I'm...not sure i see where you are going with this.
I'm just looking for an alternative way...
The background fact is: The player, using a given weapon, needs N seconds in average to destroy an enemy. Here N depends on the fire rate, momentum, and probability of hitting the (same) target. You don't want to express those values as numbers.
Although two weapons may show the nearly the same value for N, they may be differently effective because of the situation. A distant enemy may be shot with a sniper rifle which has a low fire rate but high precision. Due to the distance the player has enough time, and s/he doesn't waste ammo because the spread is low.

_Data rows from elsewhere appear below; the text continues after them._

lemma tendsto_exp_at_cusp:
  assumes "c > 0"
  shows "((\<lambda>\<tau>. exp (2 * pi * \<i> * of_real c * \<tau>)) \<longlongrightarrow> 0) at_cusp"
proof -
  have "((\<lambda>y. exp (- 2 * pi * c * y)) \<longlongrightarrow> 0) at_top"
    using assms by real_asymp
  then have "((\<lambda>\<tau>. exp (- 2 * pi * c * Im \<tau>)) \<longlongrightarrow> 0) at_cusp"
    by (rule filterlim_compose[OF _ filterlim_Im_at_cusp])
  then show ?thesis
    by (subst tendsto_norm_zero_iff[symmetric]) simp
qed

definition euler_function :: "complex \<Rightarrow> complex" where
  "euler_function w = (\<Prod>m. 1 - w ^ Suc m)"

lemma abs_convergent_prod_euler_function:
  fixes w :: complex
  assumes "norm w < 1"
  shows "abs_convergent_prod (\<lambda>m. 1 - w ^ Suc m)"
proof (rule summable_imp_abs_convergent_prod)
  have "summable (\<lambda>m. norm w ^ Suc m)"
    using assms by (simp add: summable_geometric)
  then show "summable (\<lambda>m. norm ((1 - w ^ Suc m) - 1))"
    by (simp add: norm_power del: power_Suc)
qed

lemma euler_function_factor_nonzero:
  fixes w :: complex
  assumes "norm w < 1"
  shows "1 - w ^ Suc m \<noteq> 0"
proof
  assume "1 - w ^ Suc m = 0"
  then have "norm w ^ Suc m = 1"
    by (metis eq_iff_diff_eq_0 norm_one norm_power)
  moreover have "norm w ^ Suc m < 1"
    using assms by (simp add: power_less_one_iff del: power_Suc)
  ultimately show False by simp
qed

lemma euler_function_nonzero: "norm w < 1 \<Longrightarrow> euler_function w \<noteq> 0"
  unfolding euler_function_def
  by (intro prodinf_nonzero abs_convergent_prod_imp_convergent_prod
      abs_convergent_prod_euler_function euler_function_factor_nonzero)

lemma uniform_limit_euler_function:
  assumes "0 \<le> R" and "R < 1"
  shows "uniform_limit (cball 0 R) (\<lambda>N w. \<Prod>m<N. 1 - w ^ Suc m) euler_function sequentially"
proof -
  have "uniformly_convergent_on (cball (0::complex) R) (\<lambda>N w. \<Prod>m<N. 1 - w ^ Suc m)"
  proof (rule uniformly_convergent_on_prod'[where f = "\<lambda>m w. 1 - w ^ Suc m"])
    show "uniformly_convergent_on (cball (0::complex) R) (\<lambda>N w. \<Sum>m<N. norm ((1 - w ^ Suc m) - 1))"
    proof (rule Weierstrass_m_test'_ev)
      show "\<forall>\<^sub>F m in sequentially. \<forall>w\<in>cball (0::complex) R. norm (norm ((1 - w ^ Suc m) - 1)) \<le> R ^ Suc m"
        by (intro always_eventually allI ballI)
           (auto simp: norm_power simp del: power_Suc intro!: power_mono)
      show "summable (\<lambda>m. R ^ Suc m)"
        using assms by (simp add: summable_geometric)
    qed
  qed (auto intro!: continuous_intros)
  then have "uniform_limit (cball (0::complex) R) (\<lambda>N w. \<Prod>m<N. 1 - w ^ Suc m)
               (\<lambda>w. lim (\<lambda>N. \<Prod>m<N. 1 - w ^ Suc m)) sequentially"
    by (simp only: uniformly_convergent_uniform_limit_iff)
  moreover have "uniform_limit (cball (0::complex) R) (\<lambda>N w. \<Prod>m<N. 1 - w ^ Suc m)
      (\<lambda>w. lim (\<lambda>N. \<Prod>m<N. 1 - w ^ Suc m)) sequentially \<longleftrightarrow> ?thesis"
  proof (rule uniform_limit_cong')
    fix w :: complex
    assume "w \<in> cball 0 R"
    then have "norm w < 1"
      using assms by simp
    then show "lim (\<lambda>N. \<Prod>m<N. 1 - w ^ Suc m) = euler_function w"
      unfolding euler_function_def
      by (metis prodinf_eq_lim' abs_convergent_prod_imp_convergent_prod
          abs_convergent_prod_euler_function euler_function_factor_nonzero)
  qed simp
  ultimately show ?thesis
    by blast
qed
(* Let $I$ be a nonempty finite set. The antipode $s_I$ of the Hopf monoid $\mathbb I(\mathbf{GP}^+)$ satisfies, for every extended generalized permutahedron $P\subseteq\mathbb R^I$, $$s_I(\mathbb 1_P)=(-1)^{|I|-\dim P}\,\mathbb 1_{P^\circ},$$ where $P^\circ$ is the relative interior of $P$ (and $\mathbb 1_{P^\circ}$ lies in $\mathbb I(\mathbf{GP}^+)[I]$).
   Context: $\mathbf{GP}^+$ is the Hopf monoid of extended generalized permutahedra: $\mathbf{GP}^+[I]$ has basis the polyhedra $P=\{x\in\mathbb R^I:\sum_{i\in I}x_i=z(I),\ \sum_{i\in A}x_i\le z(A)\ \forall A\subseteq I\}$ with $z:2^I\to\mathbb R\cup\{\infty\}$ submodular on its finite values and $z(I)$ finite; product $P\cdot Q=P\times Q$; coproduct $\Delta_{S,T}(P)=P|_S\otimes P/_S$ where $P|_S\times P/_S$ is the face of $P$ maximizing $\sum_{i\in S}x_i$ if this functional is bounded above on $P$, and $0$ otherwise. $\mathbb I(\mathbf{GP}^+)[I]$ is the span of indicator functions $\mathbb 1_P$ of such $P$, which is the quotient Hopf monoid $\mathbf{GP}^+/\ker(P\mapsto\mathbb 1_P)$ with the induced product and coproduct. The antipode of a connected Hopf monoid is given for $I\ne\emptyset$ by $s_I(x)=\sum_{k\ge1}\sum_{(S_1,\dots,S_k)}(-1)^k\,m_{S_1,\dots,S_k}\circ\Delta_{S_1,\dots,S_k}(x)$, summing over ordered set partitions of $I$ into nonempty blocks. *)

theory Defs
  imports "HOL-Analysis.Analysis"
begin
(* Assume $\delta_0=0$ and $$\mu(\mathcal M,W):=\tfrac12\sup_{\sigma>0}\frac{\delta_\sigma}{\sigma}<\infty.$$ Then for every $u\in\mathcal M$ with $w=P_Wu$, the estimator $u^*=u^*(w)$ obtained by surrogate model selection satisfies $$\|u-u^*\|\le C\min_{k=1,\dots,K}\|u-u_k^*(w)\|,\qquad C:=2\mu(\mathcal M,W)\kappa.$$ If moreover the family is $\sigma$-admissible for some $\sigma>0$, then $\|u-u^*\|\le C\sigma$.
   Context: Let $V$ be a real Hilbert space with norm $\|\cdot\|$. Let $Y\subset\mathbb R^d$ be compact and let $y\mapsto u(y)$ be a continuous map from $Y$ to $V$. Set $\mathcal M=\{u(y):y\in Y\}$, which is compact. Let $W\subset V$ be a linear subspace of finite dimension $m$, let $P_W$ be the orthogonal projection onto $W$, and let $W^\perp$ be its orthogonal complement. For $w\in W$ put $V_w=w+W^\perp$. For $\sigma\ge 0$ define - $\mathcal M_\sigma=\{v\in V:\operatorname{dist}(v,\mathcal M)\le\sigma\}$; - $\delta_\sigma=\sup\{\|u-v\|: u,v\in\mathcal M_\sigma,\ u-v\in W^\perp\}$. For a finite-dimensional subspace $E\subset V$ let $\mu(E,W)=\sup_{v\in E\setminus\{0\}}\|v\|/\|P_Wv\|$, with the conventions $\mu(\{0\},W)=1$ and $\mu(E,W)=+\infty$ if $E\cap W^\perp\ne\{0\}$. A reduced model family consists of: - sets $\mathcal M_1,\dots,\mathcal M_K$ with $\mathcal M=\bigcup_{k=1}^K\mathcal M_k$; - affine spaces $V_k=\bar u_k+\bar V_k$, where $\bar u_k\in V$ and $\bar V_k$ is a linear subspace of dimension $n_k\le m$; - numbers $\varepsilon_k\ge\sup_{u\in\mathcal M_k}\operatorname{dist}(u,V_k)$; - constants $\mu_k=\mu(\bar V_k,W)<\infty$. The family is $\sigma$-admissible if $\mu_k\varepsilon_k\le\sigma$ for all $k$. For $w\in W$ the PBDW estimators are $u_k^*(w)=\operatorname{argmin}\{\operatorname{dist}(v,V_k): v\in V_w\}$, $k=1,\dots,K$ (the minimizer is unique). A surrogate is a function $\mathcal S(\cdot,\mathcal M):V\to[0,\infty)$ with $r\operatorname{dist}(v,\mathcal M)\le\mathcal S(v,\mathcal M)\le R\operatorname{dist}(v,\mathcal M)$ for all $v\in V$, where $0<r\le R$ are constants; set $\kappa=R/r$. Surrogate model selection picks $k^*(w)$ as any minimizer of $k\mapsto\mathcal S(u_k^*(w),\mathcal M)$ over $\{1,\dots,K\}$ and sets $u^*(w)=u^*_{k^*(w)}(w)$. *)

theory Defs
  imports "HOL-Analysis.Analysis"
begin

definition orth_proj :: "'v::real_inner set \<Rightarrow> 'v \<Rightarrow> 'v" where
  "orth_proj W v = (THE p. p \<in> W \<and> v - p \<in> orthogonal_comp W)"

definition fin_dim_subspace :: "'v::real_vector set \<Rightarrow> bool" where
  "fin_dim_subspace E \<longleftrightarrow> subspace E \<and> (\<exists>B. finite B \<and> E = span B)"

definition nbhd :: "'v::real_normed_vector set \<Rightarrow> real \<Rightarrow> 'v set" where
  "nbhd M \<sigma> = {v. infdist v M \<le> \<sigma>}"
(* Let $f:\mathbb{R}^n\to\mathbb{R}$ be $C^2$ smooth and convex, let $h:\mathbb{R}^n\to(-\infty,\infty]$ be proper, closed and convex, let $t>0$ and fix $z\in\mathbb{R}^n$. Define $F_{\mathrm{ALM}}(x;z):=\nabla f(x)+\frac{1}{t}\big(x-tz-\mathrm{prox}_{th}(x-tz)\big)$. Then for any $x\in\mathbb{R}^n$, the mapping $F_{\mathrm{ALM}}(\cdot;z)$ is BD-regular at $x$ if and only if, for every $M\in\partial_B\,\mathrm{prox}_{th}(x-tz)$, $\nabla^2 f(x)$ is positive definite on $\mathrm{Ker}(I-M)$, i.e. $d^\top\nabla^2 f(x)d>0$ for all nonzero $d$ with $(I-M)d=0$.
   Context: $\mathrm{prox}_{th}(y)=\arg\min_{x}\{h(x)+\frac{1}{2t}\|x-y\|^2\}$. For a locally Lipschitz mapping $G$ with differentiability set $D_G$, the B-Jacobian is $\partial_B G(x)=\{\lim_k J(x^k): x^k\in D_G, x^k\to x\}$; $G$ is BD-regular at $x$ if all elements of $\partial_B G(x)$ are nonsingular. *)

theory Defs
  imports "HOL-Analysis.Analysis"
begin

definition proper_fun :: "('a::real_normed_vector \<Rightarrow> ereal) \<Rightarrow> bool" where
  "proper_fun h \<longleftrightarrow> (\<forall>x. h x \<noteq> -\<infinity>) \<and> (\<exists>x. h x < \<infinity>)"

definition epigraph_e :: "('a::real_normed_vector \<Rightarrow> ereal) \<Rightarrow> ('a \<times> real) set" where
  "epigraph_e h = {(x, r). h x \<le> ereal r}"
(* Let $q\in\mathbb{C}^\times$ with $q\neq\pm1$, let $\mathbb{C}[x_1,\dots,x_n]$ be the polynomial algebra (the algebra of polynomial functions on an $n$-dimensional complex vector space with linear coordinates $x_1,\dots,x_n$), and fix $i\in\{1,\dots,n\}$. If $D$ is a twisted derivation of $\mathbb{C}[x_1,\dots,x_n]$ relative to $\gamma_{q,x_i}$, then there is a polynomial $f_i\in\mathbb{C}[x_1,\dots,x_n]$ such that $D=f_i\,\partial_{q,x_i}$ (i.e. $D(a)=f_i\cdot\partial_{q,x_i}(a)$ for all $a$).
   Context: For an associative $\mathbb{C}$-algebra $A$ and an algebra automorphism $\sigma$ of $A$, a twisted derivation of $A$ relative to $\sigma$ is a linear map $D\colon A\to A$ with $D(ab)=D(a)\sigma(b)+\sigma^{-1}(a)D(b)$ for all $a,b\in A$. Here $\gamma_{q,x_i}=q^{x_i\partial_{x_i}}$ is the algebra automorphism of $\mathbb{C}[x_1,\dots,x_n]$ with $x_i\mapsto qx_i$ and $x_j\mapsto x_j$ for $j\neq i$, and $\partial_{q,x_i}=\frac{1}{x_i}\,\frac{q^{x_i\partial_{x_i}}-q^{-x_i\partial_{x_i}}}{q-q^{-1}}$, i.e. the linear map sending a monomial $x_1^{a_1}\cdots x_n^{a_n}$ to $[a_i]_q\,x_1^{a_1}\cdots x_i^{a_i-1}\cdots x_n^{a_n}$, where $[v]_q=\frac{q^v-q^{-v}}{q-q^{-1}}$. It is a twisted derivation relative to $\gamma_{q,x_i}$. *)

theory Defs
  imports Complex_Main "HOL-Library.Poly_Mapping"
begin

(* Polynomials in the variables indexed by the finite type 'v:
  a polynomial is a finitely supported map from monomials (exponent vectors
  'v =>0 nat) to complex coefficients. *)

type_synonym 'v cpoly = "('v \<Rightarrow>\<^sub>0 nat) \<Rightarrow>\<^sub>0 complex"

definition pscale :: "complex \<Rightarrow> 'v cpoly \<Rightarrow> 'v cpoly" where
  "pscale c p = Poly_Mapping.map (\<lambda>a. c * a) p"

definition twisted_derivation :: "('v cpoly \<Rightarrow> 'v cpoly) \<Rightarrow> ('v cpoly \<Rightarrow> 'v cpoly) \<Rightarrow> bool" where
  "twisted_derivation \<sigma> D \<longleftrightarrow>
     (\<forall>a b. D (a + b) = D a + D b) \<and>
     (\<forall>c a. D (pscale c a) = pscale c (D a)) \<and>
     (\<forall>a b. D (a * b) = D a * \<sigma> b + inv \<sigma> a * D b)"

(* gamma_{q,x_i}: x_i |-> q x_i, other variables fixed. *)
definition qgamma :: "complex \<Rightarrow> 'v \<Rightarrow> 'v cpoly \<Rightarrow> 'v cpoly" where
  "qgamma q i p = Poly_Mapping.mapp (\<lambda>m c. q ^ Poly_Mapping.lookup m i * c) p"

definition qint :: "complex \<Rightarrow> nat \<Rightarrow> complex" where
  "qint q v = (q ^ v - inverse q ^ v) / (q - inverse q)"

definition qderiv :: "complex \<Rightarrow> 'v \<Rightarrow> 'v cpoly \<Rightarrow> 'v cpoly" where
  "qderiv q i p = (\<Sum>m\<in>Poly_Mapping.keys p. Poly_Mapping.single (m - Poly_Mapping.single i 1)
                                    (qint q (Poly_Mapping.lookup m i) * Poly_Mapping.lookup p m))"

end

theory Submission
  imports Defs
begin

text \<open>Let \<open>f = D x\<^sub>i\<close>. For \<open>j \<noteq> i\<close>, applying the twisted Leibniz rule to both sides of
  \<open>x\<^sub>i x\<^sub>j = x\<^sub>j x\<^sub>i\<close> gives \<open>(q\<^sup>-\<^sup>1 - q) x\<^sub>i D x\<^sub>j = 0\<close>, so \<open>D x\<^sub>j = 0\<close> because \<open>q\<^sup>2 \<noteq> 1\<close>.
  Hence \<open>D\<close> commutes with multiplication by \<open>x\<^sub>j\<close>, while \<open>D (x\<^sub>i a) = f \<gamma>(a) + q\<^sup>-\<^sup>1 x\<^sub>i D a\<close>.
  With \<open>[k+1]\<^sub>q = q\<^sup>k + q\<^sup>-\<^sup>1 [k]\<^sub>q\<close> an induction over monomials gives \<open>D x\<^sup>m = f \<partial>\<^sub>q\<^sub>,\<^sub>x\<^sub>i x\<^sup>m\<close>,
  and linearity extends this to all polynomials.\<close>

lemma update_eq_add_single:
  "k \<notin> Poly_Mapping.keys p \<Longrightarrow> Poly_Mapping.update k c p = p + Poly_Mapping.single k c"
  by (intro poly_mapping_eqI) (auto simp: lookup_update lookup_add lookup_single in_keys_iff)

lemma poly_mapping_single_induct [case_names zero single add]:
  fixes p :: "'a \<Rightarrow>\<^sub>0 'b::comm_monoid_add"
  assumes "P 0" and "\<And>k c. P (Poly_Mapping.single k c)"
    and "\<And>a b. P a \<Longrightarrow> P b \<Longrightarrow> P (a + b)"
  shows "P p"
  by (induction p rule: Poly_Mapping.update_induct) (simp_all add: assms update_eq_add_single)

lemma monomial_induct [case_names zero mult_var]:
  fixes m :: "'a \<Rightarrow>\<^sub>0 nat"
  assumes "P 0" and "\<And>m j. P m \<Longrightarrow> P (Poly_Mapping.single j 1 + m)"
  shows "P m"
proof (induction m rule: Poly_Mapping.update_induct)
  case const
  show ?case using assms(1) .
next
  case (update m j k)
  have "P (m + Poly_Mapping.single j n)" for n
  proof (induction n)
    case 0
    show ?case using update(3) by simp
  next
    case (Suc n)
    have "m + Poly_Mapping.single j (Suc n) = Poly_Mapping.single j 1 + (m + Poly_Mapping.single j n)"
      by (simp add: single_add[symmetric] algebra_simps)
    then show ?case using assms(2)[OF Suc] by simp
  qed
  then show ?case using update(1) by (simp add: update_eq_add_single)
qed

lemma lookup_single_mult_add:
  fixes g :: "'a::cancel_comm_monoid_add \<Rightarrow>\<^sub>0 'b::comm_semiring_0"
  shows "Poly_Mapping.lookup (Poly_Mapping.single k c * g) (k + n) = c * Poly_Mapping.lookup g n"
  by (induction g rule: poly_mapping_single_induct)
    (simp_all add: mult_single lookup_single when_def distrib_left lookup_add)

lemma single_mult_eq_0_iff:
  fixes g :: "'a::cancel_comm_monoid_add \<Rightarrow>\<^sub>0 'b::{comm_semiring_0, semiring_no_zero_divisors}"
  assumes "c \<noteq> 0"
  shows "Poly_Mapping.single k c * g = 0 \<longleftrightarrow> g = 0"
proof
  assume "Poly_Mapping.single k c * g = 0"
  then show "g = 0"
    using lookup_single_mult_add[of k c g] assms by (intro poly_mapping_eqI) (metis lookup_zero mult_eq_0_iff)
qed simp

lemma pscale_eq_single_mult: "pscale c p = Poly_Mapping.single 0 c * p"
  unfolding pscale_def mult_map_scale_conv_mult[symmetric] by simp

definition pvar :: "'v \<Rightarrow> 'v cpoly" where
  "pvar j = Poly_Mapping.single (Poly_Mapping.single j 1) 1"

lemma pvar_mult_single: "pvar j * Poly_Mapping.single m c = Poly_Mapping.single (Poly_Mapping.single j 1 + m) c"
  by (simp add: pvar_def mult_single)

lemma lookup_qgamma:
  "Poly_Mapping.lookup (qgamma q i p) m = q ^ Poly_Mapping.lookup m i * Poly_Mapping.lookup p m"
  unfolding qgamma_def by (simp add: lookup_mapp in_keys_iff when_def)

lemma qgamma_single:
  "qgamma q i (Poly_Mapping.single m c) = Poly_Mapping.single m (q ^ Poly_Mapping.lookup m i * c)"
  by (intro poly_mapping_eqI) (simp add: lookup_qgamma lookup_single when_def)

lemma qgamma_one [simp]: "qgamma q i 1 = 1"
  using qgamma_single[of q i 0 1] by simp

lemma qgamma_pvar:
  "qgamma q i (pvar j) = (if j = i then Poly_Mapping.single (Poly_Mapping.single i 1) q else pvar j)"
  by (simp add: pvar_def qgamma_single lookup_single)

lemma inv_qgamma:
  assumes "q \<noteq> 0"
  shows "inv (qgamma q i) = qgamma (inverse q) i"
  by (rule inv_equality; intro poly_mapping_eqI)
    (simp_all add: lookup_qgamma assms power_inverse field_simps)

lemma qderiv_eq_sum_superset:
  assumes "finite S" and "Poly_Mapping.keys p \<subseteq> S"
  shows "qderiv q i p = (\<Sum>m\<in>S. Poly_Mapping.single (m - Poly_Mapping.single i 1)
                                    (qint q (Poly_Mapping.lookup m i) * Poly_Mapping.lookup p m))"
  unfolding qderiv_def by (rule sum.mono_neutral_left[OF assms]) (auto simp: in_keys_iff)

lemma qderiv_add: "qderiv q i (a + b) = qderiv q i a + qderiv q i b"
proof -
  let ?S = "Poly_Mapping.keys a \<union> Poly_Mapping.keys b"
  have "Poly_Mapping.keys (a + b) \<subseteq> ?S" by (rule keys_add)
  then show ?thesis
    by (simp add: qderiv_eq_sum_superset[of ?S] lookup_add distrib_left single_add sum.distrib)
qed

lemma qderiv_single:
  "qderiv q i (Poly_Mapping.single m c) =
     Poly_Mapping.single (m - Poly_Mapping.single i 1) (qint q (Poly_Mapping.lookup m i) * c)"
  unfolding qderiv_def by simp

lemma qderiv_zero [simp]: "qderiv q i 0 = 0"
  unfolding qderiv_def by simp

lemma qint_0 [simp]: "qint q 0 = 0"
  by (simp add: qint_def)

lemma qint_Suc:
  assumes "q \<noteq> 0" and "q - inverse q \<noteq> 0"
  shows "qint q (Suc k) = q ^ k + inverse q * qint q k"
  using assms unfolding qint_def by (simp add: field_simps power_inverse)

lemma q_minus_inverse_nonzero:
  fixes q :: complex
  assumes "q \<noteq> 0" and "q \<noteq> 1" and "q \<noteq> -1"
  shows "q - inverse q \<noteq> 0"
proof
  assume "q - inverse q = 0"
  then have "(q - 1) * (q + 1) = 0"
    using assms(1) by (simp add: field_simps)
  then show False
    using assms(2,3) by (auto simp: add_eq_0_iff2)
qed

locale qgamma_twisted_derivation =
  fixes q :: complex and i :: 'v and D :: "'v cpoly \<Rightarrow> 'v cpoly"
  assumes q_nonzero: "q \<noteq> 0"
    and q_minus_inverse: "q - inverse q \<noteq> 0"
    and twisted: "twisted_derivation (qgamma q i) D"
begin

lemma D_add: "D (a + b) = D a + D b"
  and D_single_mult: "D (Poly_Mapping.single 0 c * a) = Poly_Mapping.single 0 c * D a"
  and D_mult: "D (a * b) = D a * qgamma q i b + qgamma (inverse q) i a * D b"
  using twisted unfolding twisted_derivation_def inv_qgamma[OF q_nonzero] pscale_eq_single_mult
  by auto

lemma D_zero: "D 0 = 0"
  using D_add[of 0 0] by simp

lemma D_one: "D 1 = 0"
  using D_mult[of 1 1] by simp

lemma D_single: "D (Poly_Mapping.single m c) = Poly_Mapping.single 0 c * D (Poly_Mapping.single m 1)"
  using D_single_mult[of c "Poly_Mapping.single m 1"] by (simp add: mult_single)

lemma D_pvar_other:
  assumes "j \<noteq> i"
  shows "D (pvar j) = 0"
proof -
  let ?x = "\<lambda>c. Poly_Mapping.single (Poly_Mapping.single i 1) c"
  have "D (pvar i * pvar j) = D (pvar i) * pvar j + ?x (inverse q) * D (pvar j)"
    and "D (pvar j * pvar i) = D (pvar j) * ?x q + pvar j * D (pvar i)"
    using assms by (simp_all only: D_mult qgamma_pvar simp_thms if_True if_False not_sym[OF assms])
  then have "?x (inverse q) * D (pvar j) = ?x q * D (pvar j)"
    by (simp add: mult.commute)
  then have "?x (inverse q - q) * D (pvar j) = 0"
    by (simp add: single_diff left_diff_distrib)
  then show ?thesis
    using q_minus_inverse by (simp add: single_mult_eq_0_iff)
qed

lemma D_pvar_other_mult: "j \<noteq> i \<Longrightarrow> D (pvar j * a) = pvar j * D a"
  by (simp add: D_mult D_pvar_other qgamma_pvar)

lemma D_pvar_mult:
  "D (pvar i * a) = D (pvar i) * qgamma q i a
     + Poly_Mapping.single (Poly_Mapping.single i 1) (inverse q) * D a"
  by (simp add: D_mult qgamma_pvar)

lemma D_monomial:
  "D (Poly_Mapping.single m 1) =
     D (pvar i) * Poly_Mapping.single (m - Poly_Mapping.single i 1) (qint q (Poly_Mapping.lookup m i))"
proof (induction m rule: monomial_induct)
  case zero
  show ?case using D_one by simp
next
  case (mult_var m j)
  let ?e = "Poly_Mapping.single i 1" and ?f = "D (pvar i)" and ?k = "Poly_Mapping.lookup m i"
  show ?case
  proof (cases "j = i")
    case False
    have "D (Poly_Mapping.single (Poly_Mapping.single j 1 + m) 1) = pvar j * D (Poly_Mapping.single m 1)"
      by (simp only: pvar_mult_single[symmetric] D_pvar_other_mult[OF False])
    also have "\<dots> = ?f * Poly_Mapping.single (Poly_Mapping.single j 1 + (m - ?e)) (qint q ?k)"
      by (simp only: mult_var mult.left_commute[of _ ?f] pvar_mult_single)
    also have "Poly_Mapping.single j 1 + (m - ?e) = Poly_Mapping.single j 1 + m - ?e"
      using False by (intro poly_mapping_eqI) (auto simp: lookup_add lookup_minus lookup_single when_def)
    also have "?k = Poly_Mapping.lookup (Poly_Mapping.single j 1 + m) i"
      using False by (simp add: lookup_add lookup_single)
    finally show ?thesis .
  next
    case True
    have "D (Poly_Mapping.single (Poly_Mapping.single i 1 + m) 1) =
          ?f * Poly_Mapping.single m (q ^ ?k) + Poly_Mapping.single ?e (inverse q) * D (Poly_Mapping.single m 1)"
      by (simp only: pvar_mult_single[symmetric] D_pvar_mult qgamma_single mult_1_right)
    also have "\<dots> = ?f * Poly_Mapping.single m (qint q (Suc ?k))"
    proof (cases "?k = 0")
      case True
      then show ?thesis by (simp add: mult_var qint_Suc[OF q_nonzero q_minus_inverse])
    next
      case False
      then have "?e + (m - ?e) = m"
        by (intro poly_mapping_eqI) (auto simp: lookup_add lookup_minus lookup_single when_def)
      then have "Poly_Mapping.single ?e (inverse q) * D (Poly_Mapping.single m 1)
                 = ?f * Poly_Mapping.single m (inverse q * qint q ?k)"
        by (simp only: mult_var mult.left_commute[of _ ?f] mult_single)
      then show ?thesis
        by (simp only: qint_Suc[OF q_nonzero q_minus_inverse] single_add distrib_left)
    qed
    also have "Suc ?k = Poly_Mapping.lookup (Poly_Mapping.single i 1 + m) i"
      by (simp add: lookup_add)
    finally show ?thesis
      using True by (simp only: add_diff_cancel_left')
  qed
qed

theorem D_eq_mult_qderiv: "D a = D (pvar i) * qderiv q i a"
proof (induction a rule: poly_mapping_single_induct)
  case zero
  show ?case by (simp add: D_zero)
next
  case (single m c)
  show ?case
    by (simp only: D_single[of m c] D_monomial qderiv_single mult.left_commute[of _ "D (pvar i)"] mult_single
        add_0 mult.commute[of c])
next
  case (add a b)
  then show ?case by (simp add: D_add qderiv_add distrib_left)
qed

end

theorem lemma1p2:
  fixes q :: complex and i :: "'v::finite" and D :: "'v cpoly \<Rightarrow> 'v cpoly"
  assumes "q \<noteq> 0" and "q \<noteq> 1" and "q \<noteq> -1"
    and "twisted_derivation (qgamma q i) D"
  shows "\<exists>f :: 'v cpoly. \<forall>a. D a = f * qderiv q i a"
proof -
  interpret qgamma_twisted_derivation q i D
    using assms q_minus_inverse_nonzero by unfold_locales
  show ?thesis
    using D_eq_mult_qderiv by blast
qed

end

So that weapon is fine for the situation of a distant enemy, and hence it may be memorized as such.
The other weapon is a machine gun, showing a much higher fire rate but also a much higher spread. Using it against a distant enemy will kill it also in N seconds (that was our condition), but at the costs of running out of ammo. So it isn't suited for this situation. However, if the situation is that the enemies approach in a throng and are relatively close, then a sniper rifle is too slow, and spreading is an advantage if each damage will slow down the hit enemy.
That said, I'd select the weapon based on the situation. Whether weapon A and weapon B differ just in N and 1.01*N is mostly irrelevant in a game (if it is though, like in a quartet, then perhaps using number is the best choice). So the alternative idea was to let the player test the weapons and classify them suitably for the situations the game may throw them into.